I just went to a 3.5 day training. It was a t-group. A t-group is, mostly but not entirely, about love. More boringly, it is about learning how to communicate more effectively, to ask for your needs, to believe that you are entitled to have your needs met.
I don't really like the t-group model. I went from personal curiosity. I was trained in tgroup by an NTL tgroup facilitator trainer, a world reknown consultant but a former friend sees himself as a tgroup professional par excellance and he put me down for not 'getting' tgroup. I've been curious to see if how tgroup is done in California were meaningfully different. It is not.
I get tgroup.
Lots of folks fake in tgroup. Our group talked about that. One of the benefits, hopefully, one gets from tgroup is to stop faking. Or fake less, to show up more authentically and more lovingly.
Interesting weekend. T-group is not my thing. I rejected it fourteen years ago as a component of my work life. I used to facilitated far more awesome training groups. And I am hoping to get back to that work.
But not tgroup.
Most in the weekend group, with two different tgroups, were all eager to come back for a longer five day tgroup.

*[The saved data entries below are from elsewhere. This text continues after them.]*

lemma spiral_eq_same_radiusD:
  fixes a a' d d' :: int
  assumes eq: "spiral r (of_int a) (of_int d) s = spiral r (of_int a') (of_int d') s"
    and "r > 0" "0 < s" "s < 1" "d \<in> {1, -1}" "d' \<in> {1, -1}" "even (a - a')"
  shows "d = d' \<and> a mod 6 = a' mod 6"
proof -
  obtain k :: int where k: "of_int a + s * of_int d = of_int a' + s * of_int d' + 6 * of_int k"
    using eq assms(2,3) by (auto simp: spiral_def rcis6_eq_rcis6_iff)
  show ?thesis
  proof (cases "d = d'")
    case True
    with k have "real_of_int a = of_int (a' + 6 * k)"
      by simp
    then have "a = a' + 6 * k"
      by (simp only: of_int_eq_iff)
    with True show ?thesis
      by simp
  next
    case False
    \<comment> \<open>opposite directions would make the angular gap 2s an even integer\<close>
    have "even (a - a' - 6 * k)"
      using \<open>even (a - a')\<close> by simp
    then obtain m where m: "a - a' - 6 * k = 2 * m" ..
    from k have "real_of_int (a - a' - 6 * k) = s * (of_int d' - of_int d)"
      by (simp add: algebra_simps)
    with m False assms(3,5,6) have "\<bar>real_of_int m\<bar> = s"
      by auto
    then have "0 < \<bar>m\<bar>" "\<bar>m\<bar> < 1"
      using assms(3,4) by linarith+
    then show ?thesis
      by simp
  qed
qed

locale concentric_layering =
  fixes V :: "'a set" and E :: "'a set set" and lay :: "'a \<Rightarrow> nat" and ang :: "'a \<Rightarrow> int"
  assumes inj_lay_ang: "inj_on (\<lambda>v. (lay v, ang v mod 6)) V"
    and same_layer_even: "\<And>u v. u \<in> V \<Longrightarrow> v \<in> V \<Longrightarrow> lay u = lay v \<Longrightarrow> even (ang u - ang v)"
    and edge_layered: "\<And>e. e \<in> E \<Longrightarrow> \<exists>u v. e = {u, v} \<and> u \<in> V \<and> v \<in> V
          \<and> lay v = Suc (lay u) \<and> (ang v - ang u) mod 6 \<in> {1, 5}"
begin

definition ends :: "'a set \<Rightarrow> 'a \<times> 'a" where
  "ends e = (SOME (u, v). e = {u, v} \<and> u \<in> V \<and> v \<in> V
          \<and> lay v = Suc (lay u) \<and> (ang v - ang u) mod 6 \<in> {1, 5})"

abbreviation lower :: "'a set \<Rightarrow> 'a" where "lower e \<equiv> fst (ends e)"
abbreviation upper :: "'a set \<Rightarrow> 'a" where "upper e \<equiv> snd (ends e)"

lemma edge_lower_upper:
  assumes "e \<in> E"
  shows "e = {lower e, upper e}" "lower e \<in> V" "upper e \<in> V" "lay (upper e) = Suc (lay (lower e))"
    and "(ang (upper e) - ang (lower e)) mod 6 \<in> {1, 5}"
proof -
  have "case ends e of (u, v) \<Rightarrow> e = {u, v} \<and> u \<in> V \<and> v \<in> V
          \<and> lay v = Suc (lay u) \<and> (ang v - ang u) mod 6 \<in> {1, 5}"
    unfolding ends_def by (rule someI_ex) (use edge_layered[OF assms] in auto)
  then show "e = {lower e, upper e}" "lower e \<in> V" "upper e \<in> V"
    "lay (upper e) = Suc (lay (lower e))" "(ang (upper e) - ang (lower e)) mod 6 \<in> {1, 5}"
    by (simp_all add: case_prod_beta)
qed

definition step :: "'a set \<Rightarrow> int" where
  "step e = (if (ang (upper e) - ang (lower e)) mod 6 = 1 then 1 else -1)"

lemma step_cases: "step e \<in> {1, -1}"
  by (simp add: step_def)

lemma ang_upper_mod:
  assumes "e \<in> E"
  shows "ang (upper e) mod 6 = (ang (lower e) + step e) mod 6"
proof -
  have diff: "(ang (upper e) - ang (lower e)) mod 6 = step e mod 6"
    using edge_lower_upper(5)[OF assms] by (auto simp: step_def)
  have "ang (upper e) mod 6 = (ang (lower e) + (ang (upper e) - ang (lower e))) mod 6"
    by simp
  also have "\<dots> = (ang (lower e) + (ang (upper e) - ang (lower e)) mod 6) mod 6"
    by (rule mod_add_right_eq[symmetric])
  also have "\<dots> = (ang (lower e) + step e) mod 6"
    unfolding diff by (rule mod_add_right_eq)
  finally show ?thesis .
qed

definition vertex_point :: "'a \<Rightarrow> complex" where
  "vertex_point v = rcis6 (real (Suc (lay v))) (of_int (ang v))"
lemma monotone_paths_meet_from_head:
  assumes "successively path_step Q" "Q \<noteq> []" "successively path_step P"
    and "p \<in> set P" "fst p = fst (hd Q)" "snd (hd Q) \<le> snd p"
    and "fst (last Q) \<le> fst (last P)"
    and "\<forall>p\<in>set P. fst p = fst (last Q) \<longrightarrow> snd p \<le> snd (last Q)"
  shows "\<exists>z\<in>set Q. z \<in> set P"
  using assms
proof (induction Q arbitrary: p)
  case (Cons q Q')
  show ?case
  proof (cases "q \<in> set P")
    case False
    with Cons.prems(4-6) have q_left: "snd q < snd p"
      by (metis le_neq_implies_less list.sel(1) prod.collapse)
    with Cons.prems have "Q' \<noteq> []"
      by auto
    then obtain q' rest where Q': "Q' = q' # rest"
      by (cases Q') auto
    have step: "path_step q q'" and path': "successively path_step Q'"
      using Cons.prems(1) Q' by auto
    have "q' \<le> last Q'"
      using sorted_wrt_le_last[OF sorted_wrt_if_successively_path_step[OF path']] Q' by simp
    with Cons.prems(7) \<open>Q' \<noteq> []\<close> have "fst q' \<le> fst (last P)"
      by (simp add: less_eq_prod_def)
    then obtain p' where "p' \<in> set P" "fst p' = fst (hd Q')" "snd (hd Q') \<le> snd p'"
      using path_step_left_of_monotone_path[OF Cons.prems(3,4) _ q_left step] Cons.prems(5) Q'
      by auto
    with Cons.IH[OF path' \<open>Q' \<noteq> []\<close> Cons.prems(3)] Cons.prems(7,8) \<open>Q' \<noteq> []\<close>
    show ?thesis by auto
  qed simp
qed simp

lemma monotone_paths_meet:
  assumes "successively path_step Q" "successively path_step P"
    and "x \<in> set Q" "p \<in> set P" "fst p = fst x" "snd x \<le> snd p"
    and "fst (last Q) \<le> fst (last P)"
    and "\<forall>p\<in>set P. fst p = fst (last Q) \<longrightarrow> snd p \<le> snd (last Q)"
  shows "\<exists>z\<in>set Q. z \<in> set P"
proof -
  obtain xs ys where Q: "Q = xs @ x # ys"
    using assms(3) by (meson split_list)
  have "\<exists>z\<in>set (x # ys). z \<in> set P"
    using assms Q
    by (intro monotone_paths_meet_from_head) (auto simp: successively_append_iff)
  then show ?thesis
    using Q by auto
qed

lemma reachable_via_path:
  assumes "is_path m n M P" "z \<in> set P"
  shows "reachable m n M (hd P) z" "reachable m n M z (last P)"
proof -
  obtain xs ys where P: "P = xs @ z # ys"
    using assms(2) by (meson split_list)
  have "is_path m n M (xs @ [z])" "is_path m n M (z # ys)"
    using assms(1) unfolding P is_path_iff_successively by (auto simp: successively_append_iff)
  moreover have "hd (xs @ [z]) = hd P" "last (z # ys) = last P"
    using P by (cases xs; simp)+
  ultimately show "reachable m n M (hd P) z" "reachable m n M z (last P)"
    unfolding reachable_def by (metis last_snoc, metis list.sel(1))
qed
(* Let $Q:(-\infty,-1)\to(-\infty,0)$ be the inverse of the strictly increasing function $G\mapsto G-e^G$ on $(-\infty,0)$, and define $R:\mathbb{R}\to\mathbb{R}$ by $R(V)=-2(1-e^{Q(V)})^2$ for $V<-1$ and $R(V)=4(V+1)$ for $V\ge -1$. Fix $m<-1$. For $n\in\mathbb{R}$ let $V(t;n)$ denote the unique solution of $V''+3V'=R(V)$, $t>0$, $V(0)=m$, $V'(0)=n$ (prime denoting $d/dt$, $V_t=dV/dt$). Define $\beta^0=\{n\in\mathbb{R}: V_t(t;n)>0 \text{ and } V(t;n)\le -1 \text{ for all } t>0\}$. Then $\beta^0$ consists of exactly one point. *)

theory Defs
  imports "HOL-Analysis.Analysis"
begin

definition Qinv :: "real \<Rightarrow> real" where
  "Qinv v = (THE G. G < 0 \<and> G - exp G = v)"

definition Rfun :: "real \<Rightarrow> real" where
  "Rfun v = (if v < -1 then - 2 * (1 - exp (Qinv v))^2 else 4 * (v + 1))"

definition is_solution :: "real \<Rightarrow> real \<Rightarrow> (real \<Rightarrow> real) \<Rightarrow> (real \<Rightarrow> real) \<Rightarrow> bool" where
  "is_solution m n V V' \<longleftrightarrow>
     V 0 = m \<and> V' 0 = n \<and>
     (\<forall>t\<ge>0. (V has_real_derivative V' t) (at t within {0..})) \<and>
     (\<forall>t\<ge>0. (V' has_real_derivative (Rfun (V t) - 3 * V' t)) (at t within {0..}))"

definition beta0 :: "real \<Rightarrow> real set" where
  "beta0 m = {n. \<exists>V V'. is_solution m n V V' \<and>
                    (\<forall>t>0. V' t > 0 \<and> V t \<le> -1)}"

end

theory Submission
  imports Defs
begin

text \<open>Write \<open>R(v) = 4(v + 1) + N(v)\<close>. On \<open>[m, \<infinity>)\<close> the slope of \<open>R\<close> lies in
  \<open>[\<kappa>, 4]\<close> with \<open>\<kappa> = 4 exp (Q m) > 0\<close>, so \<open>N\<close>, frozen below \<open>m\<close> (\<open>NL m\<close>), is
  nonnegative and \<open>(4 - \<kappa>)\<close>-Lipschitz.

  Existence: the bounded solutions of \<open>V'' + 3V' - 4(V + 1) = N(V)\<close>, \<open>V(0) = m\<close> are the fixed
  points of a variation-of-constants operator (characteristic roots \<open>1\<close> and \<open>-4\<close>, with the
  growing mode removed), a contraction with constant \<open>(4 - \<kappa>)/4\<close> for the sup norm. Since
  \<open>N \<ge> 0\<close> the fixed point stays below \<open>-1\<close>; a bounded solution below \<open>-1\<close> must increase
  (otherwise \<open>R(V) \<le> -\<delta>\<close> drives it to \<open>-\<infinity>\<close>), so it stays in \<open>[m, -1]\<close>, where the frozen
  equation is the original one.

  Uniqueness: for two solutions in \<open>\<beta>\<^sup>0\<close>, \<open>W = V\<^sub>2 - V\<^sub>1\<close> has \<open>W(0) = 0\<close> and
  \<open>(e\<^bsup>3t\<^esup> W W')' \<ge> \<kappa> e\<^bsup>3t\<^esup> W\<^sup>2\<close>, so \<open>W\<^sup>2\<close> is nondecreasing and, unless \<open>W = 0\<close>,
  eventually grows linearly, contradicting \<open>V\<^sub>1, V\<^sub>2 \<in> [m, -1]\<close>.\<close>

lemma deriv_nonneg_imp_le_within:
  fixes f f' :: "real \<Rightarrow> real"
  assumes "a \<le> b" "{a..b} \<subseteq> S"
    and "\<And>t. a \<le> t \<Longrightarrow> t \<le> b \<Longrightarrow> (f has_real_derivative f' t) (at t within S)"
    and "\<And>t. a < t \<Longrightarrow> t < b \<Longrightarrow> 0 \<le> f' t"
  shows "f a \<le> f b"
proof (cases "a = b")
  case False
  then have "a < b" using assms(1) by simp
  moreover have "(f has_derivative (\<lambda>h. f' t * h)) (at t within {a..b})" if "a \<le> t" "t \<le> b" for t
    using has_field_derivative_subset[OF assms(3)[OF that] assms(2)] by (simp add: has_field_derivative_def)
  ultimately obtain x where "x \<in> {a<..<b}" "f b - f a = f' x * (b - a)"
    using mvt_simple[of a b f "\<lambda>t h. f' t * h"] by blast
  moreover have "0 \<le> f' x * (b - a)" using assms(4) \<open>x \<in> {a<..<b}\<close> \<open>a < b\<close> by simp
  ultimately show ?thesis by simp
qed simp

lemma deriv_nonpos_imp_ge_within:
  fixes f f' :: "real \<Rightarrow> real"
  assumes "a \<le> b" "{a..b} \<subseteq> S"
    and "\<And>t. a \<le> t \<Longrightarrow> t \<le> b \<Longrightarrow> (f has_real_derivative f' t) (at t within S)"
    and "\<And>t. a < t \<Longrightarrow> t < b \<Longrightarrow> f' t \<le> 0"
  shows "f b \<le> f a"
  using deriv_nonneg_imp_le_within[of a b S "\<lambda>t. - f t" "\<lambda>t. - f' t"] assms
  by (auto intro: DERIV_minus)

lemma abs_diff_le_of_deriv_bound:
  fixes f f' g g' :: "real \<Rightarrow> real"
  assumes "a \<le> b" "{a..b} \<subseteq> S"
    and "\<And>t. a \<le> t \<Longrightarrow> t \<le> b \<Longrightarrow> (f has_real_derivative f' t) (at t within S)"
    and "\<And>t. a \<le> t \<Longrightarrow> t \<le> b \<Longrightarrow> (g has_real_derivative g' t) (at t within S)"
    and "\<And>t. a < t \<Longrightarrow> t < b \<Longrightarrow> \<bar>f' t\<bar> \<le> g' t"
  shows "\<bar>f b - f a\<bar> \<le> g b - g a"
proof -
  have "(\<lambda>t. g t - f t) a \<le> (\<lambda>t. g t - f t) b"
    by (rule deriv_nonneg_imp_le_within[OF assms(1,2), of _ "\<lambda>t. g' t - f' t"])
      (auto intro: DERIV_diff assms(3,4) dest: assms(5) simp: abs_le_iff)
  moreover have "(\<lambda>t. g t + f t) a \<le> (\<lambda>t. g t + f t) b"
    by (rule deriv_nonneg_imp_le_within[OF assms(1,2), of _ "\<lambda>t. g' t + f' t"])
      (auto intro: DERIV_add assms(3,4) dest: assms(5) simp: abs_le_iff)
  ultimately show ?thesis by linarith
qed
(* Over profiles whose ballots are strict weak orders (ties allowed), let $F$ be a VSCC satisfying Anonymity, Neutrality, Neutral Indifference, Monotonicity for two-candidate profiles (in particular, if it satisfies Monotonicity), Neutral Reversal, and Coherent IIA. Then $SC(\mathbf P)\subseteq F(\mathbf P)$ for every profile $\mathbf P$.
   Context: Profiles: $\mathbf P:V\to\mathcal W(X)$, $V$ nonempty finite set of voters, $X=X(\mathbf P)$ nonempty finite set of candidates (from fixed infinite sets), $\mathcal W(X)$ the strict weak orders on $X$ (irreflexive, transitive, negatively transitive; the empty relation is allowed). "Ranks $x$ above $y$" means strictly. $\mathbf P_{|Y}$ restricts ballots to $Y$. $\mathrm{Margin}_{\mathbf P}(x,y)$ = #voters with $x$ strictly above $y$ minus #voters with $y$ strictly above $x$. $\mathcal M(\mathbf P)$: edges $x\to y$ weighted $\mathrm{Margin}_{\mathbf P}(x,y)$ when positive. Majority paths and strength (minimum consecutive margin) as usual. $(x,y)\in sc(\mathbf P)$ iff $\mathrm{Margin}_{\mathbf P}(x,y)>0$ exceeds the strength of every majority path from $y$ to $x$; $SC(\mathbf P)$ = set of $y$ with no $x$ such that $(x,y)\in sc(\mathbf P)$. A VSCC is $F$ with $\varnothing\ne F(\mathbf P)\subseteq X(\mathbf P)$. Moving up one place: for strict weak order $\succ$ on finite $X$ and $x$ not greatest, let $x'\ne x$ be $\succ$-minimal with $x\not\succ x'$; $\succ'$ results from moving $x$ up one place if it agrees with $\succ$ off $x$, and: if $x$ is tied with $x'$ in $\succ$ then in $\succ'$ $x$ is tied with nothing, $x\succ'x'$, and $y\succ x$ implies $y\succ'x$; if $x$ is tied with nothing in $\succ$, then $x$ is tied with $x'$ in $\succ'$. Axioms: Anonymity (permuting which voter has which ballot, same voter set, leaves $F$ unchanged); Neutrality (if a bijection $\pi$ of candidates transforms $\mathbf P$ into $\mathbf P'$ ballot-wise, same voters and candidates, then $x\in F(\mathbf P)\iff\pi(x)\in F(\mathbf P')$); Neutral Indifference (adding a voter with empty ballot leaves $F$ unchanged); Monotonicity (resp. for two-candidate profiles): moving $x$ up one place in one ballot of a (resp. two-candidate) profile preserves $x\in F(\cdot)$; Neutral Reversal (adding two voters with converse ballots leaves $F$ unchanged); Coherent IIA: with $\mathbf P\rightsquigarrow_{x,y}\mathbf P'$ meaning $\mathbf P_{|\{x,y\}}=\mathbf P'_{|\{x,y\}}$ and $\mathcal M(\mathbf P')$ obtainable from $\mathcal M(\mathbf P)$ by deleting zero or more candidates other than $x,y$ and deleting or reducing weights of zero or more edges not connecting $x,y$: if $y\notin F(\mathbf P)$, some $x\in X(\mathbf P)$ has $y\notin F(\mathbf P')$ for every $\mathbf P'$ with $\mathbf P\rightsquigarrow_{x,y}\mathbf P'$. *)

theory Defs
  imports Main
begin
(* Let $S=S(s,t,u,v;z)=\sum_{n\ge1}\sum_{D\in\mathcal A_n}s^{\mathrm{turn}(D)}t^{\mathrm{segment}(D)}u^{\mathrm{red}(D)}v^{\mathrm{return}(D)}z^n$, and define $B$ and $R$ in the same way with $\mathcal A_n$ replaced by $\mathcal B_n$ and $\mathcal R_n$ respectively. Then, as formal power series in $z$, $$S=uvz\,(1+S|_{v=1})(1+sB),\qquad B=vz\,(t+tR|_{v=1}+B|_{v=1})(1+sB),\qquad R=uvz\,(1+R|_{v=1}+B|_{v=1})(1+sB),$$ where $F|_{v=1}$ denotes $F$ with $v$ set to $1$.
   Context: A two-colored Dyck path of length $n$ is a lattice path from $(0,0)$ to $(n,n)$ with unit east and north steps never going above $y=x$, each east step colored black or red; it is encoded by $d_1\cdots d_n$ where $d_i$ is the number of north steps before the $i$-th east step, together with the colors. Condition (c-1): all east steps of height $0$ are red. Condition (c-2): the first east step of each positive height is black. $\mathcal A_n$ = two-colored Dyck paths of length $n$ satisfying (c-1) and (c-2); $\mathcal B_n$ (resp. $\mathcal R_n$) = two-colored Dyck paths of length $n$ satisfying (c-2) whose first east step is black (resp. red). Statistics: $\mathrm{turn}(D)$ = (number of east steps immediately followed by a north step) $-1$, equivalently $|\{i\in[n-1]:d_i<d_{i+1}\}|$; $\mathrm{segment}(D)$ = number of maximal runs of consecutive east steps that are all black and of equal height; $\mathrm{red}(D)$ = number of red east steps; $\mathrm{return}(D)$ = number of lattice points $(i,i)$, $1\le i\le n$, lying on $D$. *)

theory Defs
  imports "HOL-Computational_Algebra.Formal_Power_Series"
begin

text \<open>A two-colored Dyck path of length n is encoded as a list p of length n;
  the i-th entry (0-indexed) is (d_{i+1}, red_{i+1}): the number of north steps
  before the (i+1)-th east step, and whether that east step is red (True) or
  black (False).\<close>

type_synonym cpath = "(nat \<times> bool) list"

definition dyck :: "nat \<Rightarrow> cpath \<Rightarrow> bool" where
  "dyck n p \<longleftrightarrow> length p = n \<and> sorted (map fst p) \<and> (\<forall>i<n. fst (p ! i) \<le> i)"

definition cond1 :: "cpath \<Rightarrow> bool" where
  "cond1 p \<longleftrightarrow> (\<forall>i<length p. fst (p ! i) = 0 \<longrightarrow> snd (p ! i))"

text \<open>(c-2): the first east step of each positive height is black.\<close>
definition cond2 :: "cpath \<Rightarrow> bool" where
  "cond2 p \<longleftrightarrow> (\<forall>i<length p. 0 < fst (p ! i) \<and> (i = 0 \<or> fst (p ! (i - 1)) < fst (p ! i))
                     \<longrightarrow> \<not> snd (p ! i))"

definition setA :: "nat \<Rightarrow> cpath set" where
  "setA n = {p. dyck n p \<and> cond1 p \<and> cond2 p}"

definition setB :: "nat \<Rightarrow> cpath set" where
  "setB n = {p. dyck n p \<and> cond2 p \<and> 0 < n \<and> \<not> snd (p ! 0)}"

Me? I was screaming silently to get the heck out of there after less than 24 hours. Not having a car, I was dependent on my ride home. All that head stuff just doesn't mean much to me. The love part I got.
I loved everybody. I was in a group with more men than women and it was a great joy to find myself loving each of the very different men.
There was a young, fiery, feminist lesbian who kicked off the first tgroup session by rushing to protect me when a rich, entitled, elitist white male jumped on me. He turned out to be rich, entitled, elitist but also loving, deeply full of feeling and he worked so hard to show up with feelings instead of talking at folks. I am proud of him. He and I became friends. There was a process where we had to pair up with a partner and I ended up paired with him. We were also the geezers of our group, the only sixty-somethings, with most being twenty, thirty and forty something.
At one point, the group pushed me to share my heartache, which they all sensed -- the loss of my daughter. It seemed cathartic for the group. They seemed to think I had made some big leap but I don't really hold back who I am in any situation. I try to only talk about my sadness in moderation so as not to bring others done. It was not particularly cathartic to have a group of strangers empathize but it seemed to please the group. Geez, I am open and authentic all the time.
I need loving, intimate friends in my life to be kind toi me regularly, not a group of folks I likely will not see again to empathically hold space for my heartache.
Interesting. More reflection. Now off to Fort Mason for a full week of events.
Unusually busy for me. Conference work all week and a retreat at Stanford next weekend.